» **LISTED ENTRIES**
lemma integral_mixture:
  fixes g :: "'a \<Rightarrow> real"
  assumes g[measurable]: "g \<in> borel_measurable borel" and B: "\<And>x. \<bar>g x\<bar> \<le> B"
  shows "integral\<^sup>L (mixture w \<mu>s n) g = (\<Sum>i<n. w i * integral\<^sup>L (\<mu>s i) g)"
proof -
  have g_mixture: "g \<in> borel_measurable (mixture w \<mu>s n)"
    using measurable_cong_sets[OF sets_mixture refl] g by blast
  have nn_finite: "ennreal (w i) * (\<integral>\<^sup>+x. ennreal (h x) \<partial>\<mu>s i) < \<infinity>"
    if "i < n" "\<And>x. h x \<le> B" for i and h :: "'a \<Rightarrow> real"
  proof -
    interpret prob_space "\<mu>s i" by (rule prob_space_borel_prob[OF borel_prob[OF that(1)]])
    have "(\<integral>\<^sup>+x. ennreal (h x) \<partial>\<mu>s i) \<le> (\<integral>\<^sup>+x. ennreal B \<partial>\<mu>s i)"
      using that(2) by (intro nn_integral_mono ennreal_leI) auto
    then show ?thesis
      by (simp add: emeasure_space_1 ennreal_mult_less_top top.not_eq_extremum order_le_less_trans)
  qed
  have enn2real_mixture: "enn2real (\<integral>\<^sup>+x. ennreal (h x) \<partial>mixture w \<mu>s n) =
      (\<Sum>i<n. w i * enn2real (\<integral>\<^sup>+x. ennreal (h x) \<partial>\<mu>s i))"
    if [measurable]: "h \<in> borel_measurable borel" and "\<And>x. h x \<le> B" for h :: "'a \<Rightarrow> real"
  proof -
    have "enn2real (\<integral>\<^sup>+x. ennreal (h x) \<partial>mixture w \<mu>s n) =
        (\<Sum>i<n. enn2real (ennreal (w i) * (\<integral>\<^sup>+x. ennreal (h x) \<partial>\<mu>s i)))"
      unfolding nn_integral_mixture[OF measurable_compose[OF that(1) measurable_ennreal]]
      using nn_finite[of _ h] that(2) by (subst enn2real_sum) auto
    also have "\<dots> = (\<Sum>i<n. w i * enn2real (\<integral>\<^sup>+x. ennreal (h x) \<partial>\<mu>s i))"
      using weight by (intro sum.cong refl) (simp add: enn2real_mult)
    finally show ?thesis .
  qed
  have "integrable (mixture w \<mu>s n) g"
  proof (rule integrableI_bounded[OF g_mixture])
    have "(\<integral>\<^sup>+x. ennreal (norm (g x)) \<partial>mixture w \<mu>s n) =
        (\<Sum>i<n. ennreal (w i) * (\<integral>\<^sup>+x. ennreal \<bar>g x\<bar> \<partial>\<mu>s i))"
      by (simp add: nn_integral_mixture)
    also have "\<dots> < \<infinity>" using nn_finite[of _ "\<lambda>x. \<bar>g x\<bar>"] B by (simp add: ennreal_sum_less_top)
    finally show "(\<integral>\<^sup>+x. ennreal (norm (g x)) \<partial>mixture w \<mu>s n) < \<infinity>" .
  qed
  moreover have "integrable (\<mu>s i) g" if "i < n" for i
    using integrable_borel_prob_bounded[OF borel_prob[OF that] g B] .
  ultimately show ?thesis
    using enn2real_mixture[of g] enn2real_mixture[of "\<lambda>x. - g x"] B
    by (simp add: real_lebesgue_integral_def abs_le_iff sum_subtractf right_diff_distrib)
qed

lemma mixture_borel_prob:
  assumes "(\<Sum>i<n. w i) = 1"
  shows "mixture w \<mu>s n \<in> borel_prob_measures"
proof -
  have "emeasure (mixture w \<mu>s n) (space (mixture w \<mu>s n)) = (\<Sum>i<n. ennreal (w i))"
    using prob_space.emeasure_space_1[OF prob_space_borel_prob[OF borel_prob]]
      space_borel_prob[OF borel_prob]
    by (simp add: space_mixture emeasure_mixture)
  also have "\<dots> = 1" using weight assms by (subst sum_ennreal) auto
  finally have "prob_space (mixture w \<mu>s n)" by (rule prob_spaceI)
  then show ?thesis unfolding borel_prob_measures_def using sets_mixture by auto
qed

lemma distr_mixture:
  assumes f: "f \<in> borel_measurable borel"
  shows "distr (mixture w \<mu>s n) borel f = mixture w (\<lambda>i. distr (\<mu>s i) borel f) n"
proof -
  interpret distr: finite_mixture w "\<lambda>i. distr (\<mu>s i) borel f" n
    using weight nonempty distr_borel_prob[OF borel_prob f] by unfold_locales auto
  show ?thesis
  proof (rule measure_eqI)
    fix A assume "A \<in> sets (distr (mixture w \<mu>s n) borel f)"
    then have A: "A \<in> sets borel" by simp
    have f_mixture: "f \<in> measurable (mixture w \<mu>s n) borel"
      using measurable_cong_sets[OF sets_mixture refl] f by blast
    have "f -` A \<in> sets borel" using measurable_sets[OF f A] by simp
    then have "emeasure (distr (mixture w \<mu>s n) borel f) A = (\<Sum>i<n. ennreal (w i) * emeasure (\<mu>s i) (f -` A))"
      by (simp add: emeasure_distr[OF f_mixture A] space_mixture emeasure_mixture)
    also have "\<dots> = (\<Sum>i<n. ennreal (w i) * emeasure (distr (\<mu>s i) borel f) A)"
      using A space_borel_prob[OF borel_prob]
      by (intro sum.cong refl) (simp add: emeasure_distr[OF measurable_borel_prob[OF borel_prob f]])
    finally show "emeasure (distr (mixture w \<mu>s n) borel f) A =
        emeasure (mixture w (\<lambda>i. distr (\<mu>s i) borel f) n) A"
      using A by (simp add: distr.emeasure_mixture)
  qed (simp add: distr.sets_mixture)
qed

end

lemma mix_measure_eq_mixture:
  fixes \<mu> \<nu> :: "'a::topological_space measure"
  assumes \<mu>: "\<mu> \<in> borel_prob_measures" and \<nu>: "\<nu> \<in> borel_prob_measures" and t: "0 \<le> t" "t \<le> 1"
  shows "mix_measure t \<mu> \<nu> = mixture (\<lambda>i. if i = 0 then t else 1 - t) (\<lambda>i. if i = 0 then \<mu> else \<nu>) 2"
proof -
  interpret finite_mixture "\<lambda>i. if i = 0 then t else 1 - t" "\<lambda>i. if i = 0 then \<mu> else \<nu>" 2
    using \<mu> \<nu> t by unfold_locales auto
  have sets: "sets (mix_measure t \<mu> \<nu>) = sets borel"
    unfolding mix_measure_def sets_measure_of[OF sets.space_closed] sets.sigma_sets_eq
    by (rule sets_borel_prob[OF \<mu>])
  show ?thesis
  proof (rule measure_eqI)
    fix A assume "A \<in> sets (mix_measure t \<mu> \<nu>)"
    then have A: "A \<in> sets borel" using sets by simp
    have "emeasure (mix_measure t \<mu> \<nu>) A = ennreal t * emeasure \<mu> A + ennreal (1 - t) * emeasure \<nu> A"
    proof (rule emeasure_measure_of[OF mix_measure_def])
      show "countably_additive (sets (mix_measure t \<mu> \<nu>))
          (\<lambda>A. ennreal t * emeasure \<mu> A + ennreal (1 - t) * emeasure \<nu> A)"
        unfolding countably_additive_def sets
      proof (intro allI impI)
        fix F :: "nat \<Rightarrow> 'a set"
        assume F: "range F \<subseteq> sets borel" "disjoint_family F"
        then have "(\<Sum>i. emeasure \<mu> (F i)) = emeasure \<mu> (\<Union>i. F i)" "(\<Sum>i. emeasure \<nu> (F i)) = emeasure \<nu> (\<Union>i. F i)"
          using suminf_emeasure[of F \<mu>] suminf_emeasure[of F \<nu>] sets_borel_prob[OF \<mu>]
            sets_borel_prob[OF \<nu>] by simp_all
        then show "(\<Sum>i. ennreal t * emeasure \<mu> (F i) + ennreal (1 - t) * emeasure \<nu> (F i)) =
            ennreal t * emeasure \<mu> (\<Union> (range F)) + ennreal (1 - t) * emeasure \<nu> (\<Union> (range F))"
          by (simp add: suminf_add[symmetric] ennreal_suminf_cmult)
      qed
    qed (use A sets in \<open>auto simp: positive_def sets.space_closed\<close>)
    then show "emeasure (mix_measure t \<mu> \<nu>) A =
        emeasure (mixture (\<lambda>i. if i = 0 then t else 1 - t) (\<lambda>i. if i = 0 then \<mu> else \<nu>) 2) A"
      unfolding emeasure_mixture[OF A] by (simp add: numeral_2_eq_2)
  qed (simp add: sets sets_mixture)
qed

context
  fixes t :: real and \<mu> \<nu> :: "'a::topological_space measure"
  assumes \<mu>: "\<mu> \<in> borel_prob_measures" and \<nu>: "\<nu> \<in> borel_prob_measures" and t: "0 \<le> t" "t \<le> 1"
begin

interpretation binary: finite_mixture "\<lambda>i. if i = 0 then t else 1 - t" "\<lambda>i. if i = 0 then \<mu> else \<nu>" 2
  using \<mu> \<nu> t by unfold_locales auto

» **TASK DIRECTIONS**
What are the lines above, starting at the one with "t \<mu> \<nu>) = sets" and ending at the one with "sets by simp"? Give them again exactly, and only them.

» **ANSWER FOR THE TASK**
  have sets: "sets (mix_measure t \<mu> \<nu>) = sets borel"
    unfolding mix_measure_def sets_measure_of[OF sets.space_closed] sets.sigma_sets_eq
    by (rule sets_borel_prob[OF \<mu>])
  show ?thesis
  proof (rule measure_eqI)
    fix A assume "A \<in> sets (mix_measure t \<mu> \<nu>)"
    then have A: "A \<in> sets borel" using sets by simp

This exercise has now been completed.